[Stored data]
________

lemma involution_in_rcos_if_complement:
  assumes "a \<in> normalizer G H" "a \<otimes> a \<in> H" "is_complement G (H <#> generate G {a}) H L"
  shows "\<exists>e\<in>H #> a. e \<otimes> e = \<one>"
proof -
  have a: "a \<in> carrier G" using normalizer_carrier[OF assms(1)] .
  have L: "subgroup L G" "H \<inter> L = {\<one>}" "H <#> L = H \<union> (H #> a)"
    using assms(3) by (simp_all only: is_complement_def set_mult_generate_eq_Un_rcos[OF assms(1,2)])
  have "a \<in> H <#> L" using L(3) rcos_self[OF a subgroup_axioms] by blast
  then obtain h l where hl: "h \<in> H" "l \<in> L" "a = h \<otimes> l" unfolding set_mult_def by blast
  have l: "l \<in> carrier G" using hl(2) subgroup.mem_carrier[OF L(1)] by blast
  have "l = inv h \<otimes> a" using hl l by (simp add: m_assoc[symmetric])
  then have l_rcos: "l \<in> H #> a" using hl(1) rcosI[OF _ subset a] by simp
  have "l \<otimes> l \<in> H \<inter> L"
    using rcos_normalizer_mult_closed[OF assms(1,2) l_rcos l_rcos] subgroup.m_closed[OF L(1) hl(2) hl(2)]
    by blast
  then show ?thesis using L(2) l_rcos by blast
qed

lemma complement_if_involution_in_rcos:
  assumes "a \<in> normalizer G H" "a \<notin> H" "a \<otimes> a \<in> H" "e \<in> H #> a" "e \<otimes> e = \<one>"
  shows "is_complement G (H <#> generate G {a}) H {\<one>, e}"
proof -
  have a: "a \<in> carrier G" using normalizer_carrier[OF assms(1)] .
  obtain c where c: "c \<in> H" "e = c \<otimes> a" using assms(4) unfolding r_coset_def by blast
  have e_carrier: "e \<in> carrier G" using assms(4) elemrcos_carrier[OF is_group a] by blast
  have e_notin: "e \<notin> H"
    using c a assms(2) m_closed[OF m_inv_closed[OF c(1)]] by (metis inv_solve_left mem_carrier)
  have inv_e: "inv e = e" using inv_equality[OF assms(5) e_carrier e_carrier] .
  have "subgroup {\<one>, e} G"
    using assms(5) e_carrier inv_e by (intro subgroupI) auto
  moreover have "H <#> {\<one>, e} = H \<union> (H #> a)"
  proof -
    have "H #> e = H #> a" using c a by (simp add: rcos_mult_left_absorb)
    then show ?thesis unfolding set_mult_def r_coset_def by auto
  qed
  moreover have "{\<one>, e} \<subseteq> H \<union> (H #> a)" using assms(4) one_closed by auto
  moreover have "H \<inter> {\<one>, e} = {\<one>}" using e_notin one_closed by auto
  ultimately show ?thesis
    unfolding is_complement_def set_mult_generate_eq_Un_rcos[OF assms(1,3)] by (intro conjI)
qed

lemma complement_iff_involution_in_rcos:
  assumes "a \<in> normalizer G H" "a \<notin> H" "a \<otimes> a \<in> H"
  shows "(\<exists>L. is_complement G (H <#> generate G {a}) H L) \<longleftrightarrow> (\<exists>e\<in>H #> a. e \<otimes> e = \<one>)"
  using involution_in_rcos_if_complement[OF assms(1,3)] complement_if_involution_in_rcos[OF assms]
  by blast

section \<open>Right cosets in a double coset\<close>

definition dcoset_rcosets :: "'a \<Rightarrow> 'a set set" where
  "dcoset_rcosets x = (\<lambda>h. H #> (x \<otimes> h)) ` H"

lemma dcoset_rcosets_subset: "x \<in> carrier G \<Longrightarrow> dcoset_rcosets x \<subseteq> rcosets H"
  unfolding dcoset_rcosets_def using rcosetsI[OF subset] by auto

lemma rcos_in_dcoset_rcosets: "x \<in> carrier G \<Longrightarrow> H #> x \<in> dcoset_rcosets x"
  unfolding dcoset_rcosets_def using one_closed by (metis image_eqI r_one)

lemma trivial_coset_notin_dcoset_rcosets:
  assumes "x \<in> carrier G" "x \<notin> H"
  shows "H \<notin> dcoset_rcosets x"
proof
  assume "H \<in> dcoset_rcosets x"
  then obtain h where h: "h \<in> H" "H #> (x \<otimes> h) = H" unfolding dcoset_rcosets_def by auto
  then have "x \<otimes> h \<in> H" using coset_join1[OF _ _ subgroup_axioms] assms(1) by simp
  then have "x \<otimes> h \<otimes> inv h \<in> H" using h(1) by simp
  then show False using assms h(1) by (simp add: m_assoc)
qed

lemma rcos_in_dcoset_rcosetsD:
  assumes "y \<in> carrier G" "H #> y \<in> dcoset_rcosets x"
  shows "\<exists>h1\<in>H. \<exists>h2\<in>H. y = h1 \<otimes> (x \<otimes> h2)"
proof -
  obtain h2 where "h2 \<in> H" "H #> y = H #> (x \<otimes> h2)" using assms(2) unfolding dcoset_rcosets_def by auto
  moreover have "y \<in> H #> y" using rcos_self[OF assms(1) subgroup_axioms] .
  ultimately show ?thesis unfolding r_coset_def by auto
qed

lemma dcoset_rcosets_eq:
  assumes "x \<in> carrier G" "y \<in> carrier G" "H #> y \<in> dcoset_rcosets x"
  shows "dcoset_rcosets y = dcoset_rcosets x"
proof -
  obtain h1 h2 where h: "h1 \<in> H" "h2 \<in> H" "y = h1 \<otimes> (x \<otimes> h2)"
    using rcos_in_dcoset_rcosetsD[OF assms(2,3)] by blast
  have shift: "H #> (y \<otimes> h) = H #> (x \<otimes> (h2 \<otimes> h))" if "h \<in> carrier G" for h
    using that h assms(1) rcos_mult_left_absorb[OF h(1), of "x \<otimes> (h2 \<otimes> h)"] by (simp add: m_assoc)
  show ?thesis
  proof
    show "dcoset_rcosets y \<subseteq> dcoset_rcosets x"
      using shift h(2) unfolding dcoset_rcosets_def by auto
    have "H #> (x \<otimes> h) = H #> (y \<otimes> (inv h2 \<otimes> h))" if "h \<in> H" for h
      using shift[of "inv h2 \<otimes> h"] that h(2) by (simp add: m_assoc[symmetric])
    then show "dcoset_rcosets x \<subseteq> dcoset_rcosets y"
      using h(2) unfolding dcoset_rcosets_def by auto
  qed
qed

lemma dcoset_rcosets_inv_eq:
  assumes "x \<in> carrier G" "y \<in> carrier G" "H #> y \<in> dcoset_rcosets x"
  shows "dcoset_rcosets (inv y) = dcoset_rcosets (inv x)"
proof -
  obtain h1 h2 where h: "h1 \<in> H" "h2 \<in> H" "y = h1 \<otimes> (x \<otimes> h2)"
    using rcos_in_dcoset_rcosetsD[OF assms(2,3)] by blast
  then have "inv y = inv h2 \<otimes> (inv x \<otimes> inv h1)"
    using assms(1) by (simp add: inv_mult_group m_assoc)
  then have "H #> inv y = H #> (inv x \<otimes> inv h1)"
    using h assms(1) by (simp add: rcos_mult_left_absorb)
  then have "H #> inv y \<in> dcoset_rcosets (inv x)"
    using h(1) unfolding dcoset_rcosets_def by auto
  then show ?thesis using dcoset_rcosets_eq[OF inv_closed[OF assms(1)] inv_closed[OF assms(2)]] by blast
qed

lemma dcoset_rcosets_eq_if_common:
  assumes "x \<in> carrier G" "y \<in> carrier G" "R \<in> dcoset_rcosets x" "R \<in> dcoset_rcosets y"
  shows "dcoset_rcosets x = dcoset_rcosets y"
proof -
  obtain h where h: "h \<in> H" "R = H #> (x \<otimes> h)" using assms(3) unfolding dcoset_rcosets_def by auto
  then have "x \<otimes> h \<in> carrier G" using assms(1) by simp
  then show ?thesis using dcoset_rcosets_eq assms h(2) by metis
qed

lemma dcoset_rcosets_inv_compatible:
  assumes "x \<in> carrier G" "R \<in> dcoset_rcosets x" "R' \<in> dcoset_rcosets (inv x)"
  shows "\<exists>e\<in>R. inv e \<in> R'"
proof -
  obtain h1 h2 where h: "h1 \<in> H" "R = H #> (x \<otimes> h1)" "h2 \<in> H" "R' = H #> (inv x \<otimes> h2)"
    using assms(2,3) unfolding dcoset_rcosets_def by auto
  let ?e = "inv h2 \<otimes> (x \<otimes> h1)"
  have "?e \<in> R" using h assms(1) rcosI[OF _ subset, of "inv h2" "x \<otimes> h1"] by simp
  moreover have "inv ?e = inv h1 \<otimes> (inv x \<otimes> h2)"
    using h assms(1) by (simp add: inv_mult_group m_assoc)
  then have "inv ?e \<in> R'" using h assms(1) rcosI[OF _ subset, of "inv h1" "inv x \<otimes> h2"] by simp
  ultimately show ?thesis by blast
qed

lemma dcoset_rcosets_eq_singleton_iff:
  assumes "finite H" "x \<in> carrier G"
  shows "dcoset_rcosets x = {H #> x} \<longleftrightarrow> x \<in> normalizer G H"
proof
  assume singleton: "dcoset_rcosets x = {H #> x}"
  have "x \<otimes> h \<in> H #> x" if "h \<in> H" for h
  proof -
    have "H #> (x \<otimes> h) = H #> x" using singleton that unfolding dcoset_rcosets_def by blast
    then show ?thesis using rcos_self[OF _ subgroup_axioms, of "x \<otimes> h"] that assms(2) by simp
  qed
  then show "x \<in> normalizer G H" using normalizerI[OF assms] by blast
next
  assume x: "x \<in> normalizer G H"
  have "H #> (x \<otimes> h) = H #> x" if "h \<in> H" for h
    using that rcos_normalizer_iff[OF x] repr_independence[OF _ assms(2) subgroup_axioms] by metis
  then show "dcoset_rcosets x = {H #> x}"
    using rcos_in_dcoset_rcosets[OF assms(2)] unfolding dcoset_rcosets_def by auto
qed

________

_Task item_
Search the entries for the word "intro". Copy each line where it appears.

_Completed exercise_
    using assms(5) e_carrier inv_e by (intro subgroupI) auto
    unfolding is_complement_def set_mult_generate_eq_Un_rcos[OF assms(1,3)] by (intro conjI)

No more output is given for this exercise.